Limitations & Future Work

  • Not resistant to knowledge distillation: Student models are trained on input-output pairs, so fingerprints are not triggered by typical inputs and thus cannot be transferred to the student model.
  • The pseudo-merged model is an approximation: Using the base model to replace unknown expert models is a heuristic approach and may fail in extreme merging scenarios (e.g., TIES + Swallow-7B).
  • Validated only at 7B scale: No experiments have been conducted on larger models (13B/70B), leaving scalability unclear.
  • Fingerprint inputs are gibberish: Although this enhances secrecy, verification might be hindered if API providers filter non-natural language inputs.
  • Verification requires multiple queries: VSR computation requires sampling outputs multiple times, which may be inconvenient in high API cost scenarios.
  • White-box Fingerprinting: HuReF (parameter-invariant direction), REEF (intermediate representation comparison), Fernandez et al. (weight embedding)—these require access to model internals.
  • Black-box Fingerprinting: LLMmap (analyzing responses to identify versions), TRAP (optimizing input-output pairs), IF (instruction-tuning embedding)—but none are merge-resistant.
  • Model Merging: Task Arithmetic, TIES-merging, DARE, Breadcrumbs, DELLA—MergePrint is the first to treat model merging as a threat rather than a utility tool.
  • Backdoor Attacks: Zhang et al. 2024b proposed a merge-resistant backdoor, but it targets CV models and focuses on non-directed incorrect outputs.
  • Adversarial Attacks: GCG (Zou et al. 2023)—borrowed in this work for input optimization.

Rating

  • Novelty: ⭐⭐⭐⭐ — First to propose a fingerprinting method for model merging scenarios with an elegant pseudo-merged model design; however, the overall framework (GCG + instruction tuning) is a combination of existing technologies.

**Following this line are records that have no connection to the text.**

theorem lemma18:
  fixes c :: real and g :: "real \<Rightarrow> real" and y1 :: real
  assumes "c \<ge> 0"
    and "C2_fun g"
    and "\<forall>y. g (y + 2 * pi) = g y"
    and "y1 > 0" and "g 0 = 0" and "g y1 = 0"
    and "\<forall>y. 0 < y \<and> y < y1 \<longrightarrow> g y < 0"
  shows "\<exists>(T :: nat \<Rightarrow> real) (u :: nat \<Rightarrow> real \<Rightarrow> real \<Rightarrow> real) (K :: nat).
           (\<forall>k\<ge>K. T k > 0 \<and> in_C_BUC (T k) (u k)
              \<and> (\<forall>x\<ge>0. u k x 0 = 1 / (real k)^2)
              \<and> super_solution c g (u k) 0 (T k)
              \<and> u k 0 (T k) = 1 / real k)
           \<and> filterlim T at_top sequentially"
proof -
  obtain L where "L \<ge> 1" and g: "\<And>y. y \<in> {0..1} \<Longrightarrow> - L * y \<le> g y"
    using C2_fun_lower_linear_bound[OF assms(2,5)] by blast
  interpret barrier_constants L c
    using \<open>L \<ge> 1\<close> assms(1) by unfold_locales
  define T where "T k = (SOME T. 0 \<le> T \<and> peak T = real k)" for k :: nat
  define u where "u k = barrier (1 / (real k)\<^sup>2) rate slope width delay" for k :: nat
  have T: "0 \<le> T k \<and> peak (T k) = real k" if "k \<ge> 1" for k
    unfolding T_def by (rule someI_ex) (use peak_attains[of "real k"] that in auto)
  have "T k > 0 \<and> in_C_BUC (T k) (u k) \<and> (\<forall>x\<ge>0. u k x 0 = 1 / (real k)^2)
      \<and> super_solution c g (u k) 0 (T k) \<and> u k 0 (T k) = 1 / real k" if "k \<ge> 2" for k
  proof -
    have peak_T: "1 / (real k)\<^sup>2 * peak (T k) = 1 / real k"
      using T[of k] that by (simp add: power2_eq_square)
    have "T k \<noteq> 0" using T[of k] that peak_0 by auto
    then show ?thesis
      using T[of k] that slope_pos width_pos delay_pos peak_T
      by (auto simp: u_def barrier_initial barrier_at_boundary
          intro!: barrier_in_C_BUC barrier_super_solution g)
  qed
  moreover have "filterlim T at_top sequentially"
    using T by (intro times_of_peak_levels_tendsto eventually_sequentiallyI) blast
  ultimately show ?thesis by blast
qed

end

  • Effectiveness: ⭐⭐⭐⭐⭐ — Satisfies all five requirements, comprehensively outperforms baselines across 8 merging methods, and generalizes beyond merging scenarios.

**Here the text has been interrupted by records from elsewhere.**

(* Let $M\geq 1$ be an integer and let $(\tau,R)$ be an $M$-layer medium, with $\tau=(\tau_0,\ldots,\tau_M)$ and $R=(R_0,\ldots,R_M)$. Then \[ G^{(\tau,R)}(t)=\sum_{k\in\mathfrak{L}_M}a(R,k)\,\delta(t-\langle k,\tau\rangle), \] where for each $k\in\mathfrak{L}_M$, setting $u=\min\{\mathbb{1},\tilde{k}\}$, \[ a(R,k)=\sum_{b\in V(k)}\binom{k}{b}\binom{\tilde{k}-u}{b-u}(-R)^{\tilde{k}-b}R^{k-b}T^{2b}, \] and $V(k)$ denotes the set of $b\in\mathbb{Z}^{M+1}$ such that $u\leq b\leq\min\{k,\tilde{k}\}$.
   Context: Fix depths $z_{-1}<z_0<z_1<\cdots<z_M$. An $M$-layer medium is a pair $(\tau,R)$ with $\tau=(\tau_0,\ldots,\tau_M)$ positive reals (two-way travel times; $\tau_j/2$ is the time to traverse between $z_{j-1}$ and $z_j$) and $R=(R_0,\ldots,R_M)$ reals with $-1<R_n<1$ (reflection coefficients at $z_n$). Set $T_n=\sqrt{1-R_n^2}$ and $T=(T_0,\ldots,T_M)$. A (reflection) scattering sequence is a finite sequence $\mathsf{p}=(\mathsf{p}_0,\ldots,\mathsf{p}_L)$ with $L\geq 2$, $\mathsf{p}_0=\mathsf{p}_L=z_{-1}$, $\mathsf{p}_i\in\{z_0,\ldots,z_M\}$ for $1\le i\le L-1$, and for every $0\le i\le L-1$ there is $-1\le j\le M-1$ with $\{\mathsf{p}_i,\mathsf{p}_{i+1}\}=\{z_j,z_{j+1}\}$. Let $\mathsf{S}_M$ be the set of these. The weight of $\mathsf{p}$ is $w(\mathsf{p})=\prod_{i=1}^{L-1}w_i$, where if $\mathsf{p}_i=z_j$: $w_i=R_j$ if $\mathsf{p}_{i-1}=\mathsf{p}_{i+1}=z_{j-1}$; $w_i=-R_j$ if $\mathsf{p}_{i-1}=\mathsf{p}_{i+1}=z_{j+1}$; $w_i=T_j$ otherwise. The arrival time of $\mathsf{p}$ is $\sigma(\mathsf{p})=\sum_{i=0}^{L-1}\tau_{j_i}/2$, where step $i$ goes between $z_{j_i-1}$ and $z_{j_i}$ ($0\le j_i\le M$). The reflection Green's function (velocity impulse response recorded at $z_{-1}$ for a downward unit plane-wave impulse started at $z_{-1}$) is $G^{(\tau,R)}(t)=\sum_{\mathsf{p}\in\mathsf{S}_M}w(\mathsf{p})\,\delta(t-\sigma(\mathsf{p}))$, terms with equal arrival times being combined. $\mathfrak{L}_M=\{(k_0,\ldots,k_M)\in\mathbb{Z}_{\ge 0}^{M+1}: k_0=1\text{ and for all }n\le M-1,\ k_n=0\Rightarrow k_{n+1}=0\}$. Vector conventions: for $k=(k_0,\ldots,k_M)$, $\tilde{k}=(k_1,\ldots,k_M,0)$; $\mathbb{1}=(1,\ldots,1)\in\mathbb{Z}^{M+1}$; $\min$ and $\le$ are entrywise; $\langle k,\tau\rangle=\sum_n k_n\tau_n$; $s^d=\prod_{n=0}^M s_n^{d_n}$ (with $0^0=1$); $\binom{x}{y}=\prod_{n=0}^M\binom{x_n}{y_n}$. *)

theory Defs
  imports Complex_Main
begin

text \<open>Depth z_j is represented by its index j :: int, with -1 \<le> j \<le> M.
  Media: tau, R :: nat \<Rightarrow> real, only the entries 0..M matter.
  Vectors in Z^(M+1) with nonnegative entries are represented as nat \<Rightarrow> nat
  vanishing beyond M.\<close>

definition transm :: "(nat \<Rightarrow> real) \<Rightarrow> nat \<Rightarrow> real" where
  "transm R n = sqrt (1 - (R n)\<^sup>2)"

definition scat_seqs :: "nat \<Rightarrow> int list set" where
  "scat_seqs M = {p. length p \<ge> 3 \<and> p ! 0 = -1 \<and> p ! (length p - 1) = -1
     \<and> (\<forall>i. 0 < i \<and> i < length p - 1 \<longrightarrow> 0 \<le> p ! i \<and> p ! i \<le> int M)
     \<and> (\<forall>i. i < length p - 1 \<longrightarrow> \<bar>p ! i - p ! Suc i\<bar> = 1)}"

definition local_weight :: "(nat \<Rightarrow> real) \<Rightarrow> int list \<Rightarrow> nat \<Rightarrow> real" where
  "local_weight R p i =
     (let j = p ! i in
      if p ! (i - 1) = j - 1 \<and> p ! Suc i = j - 1 then R (nat j)
      else if p ! (i - 1) = j + 1 \<and> p ! Suc i = j + 1 then - R (nat j)
      else transm R (nat j))"

definition seq_weight :: "(nat \<Rightarrow> real) \<Rightarrow> int list \<Rightarrow> real" where
  "seq_weight R p = (\<Prod>i\<in>{1..<length p - 1}. local_weight R p i)"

  • Practicality: ⭐⭐⭐⭐ — The overall workflow takes <10 minutes and uses purely black-box verification, but it is not resistant to distillation and has only been verified on 7B models.
  • Writing Quality: ⭐⭐⭐⭐ — Clearly structured with well-defined requirements and a systematic, comprehensive evaluation, though mathematical notations are somewhat dense.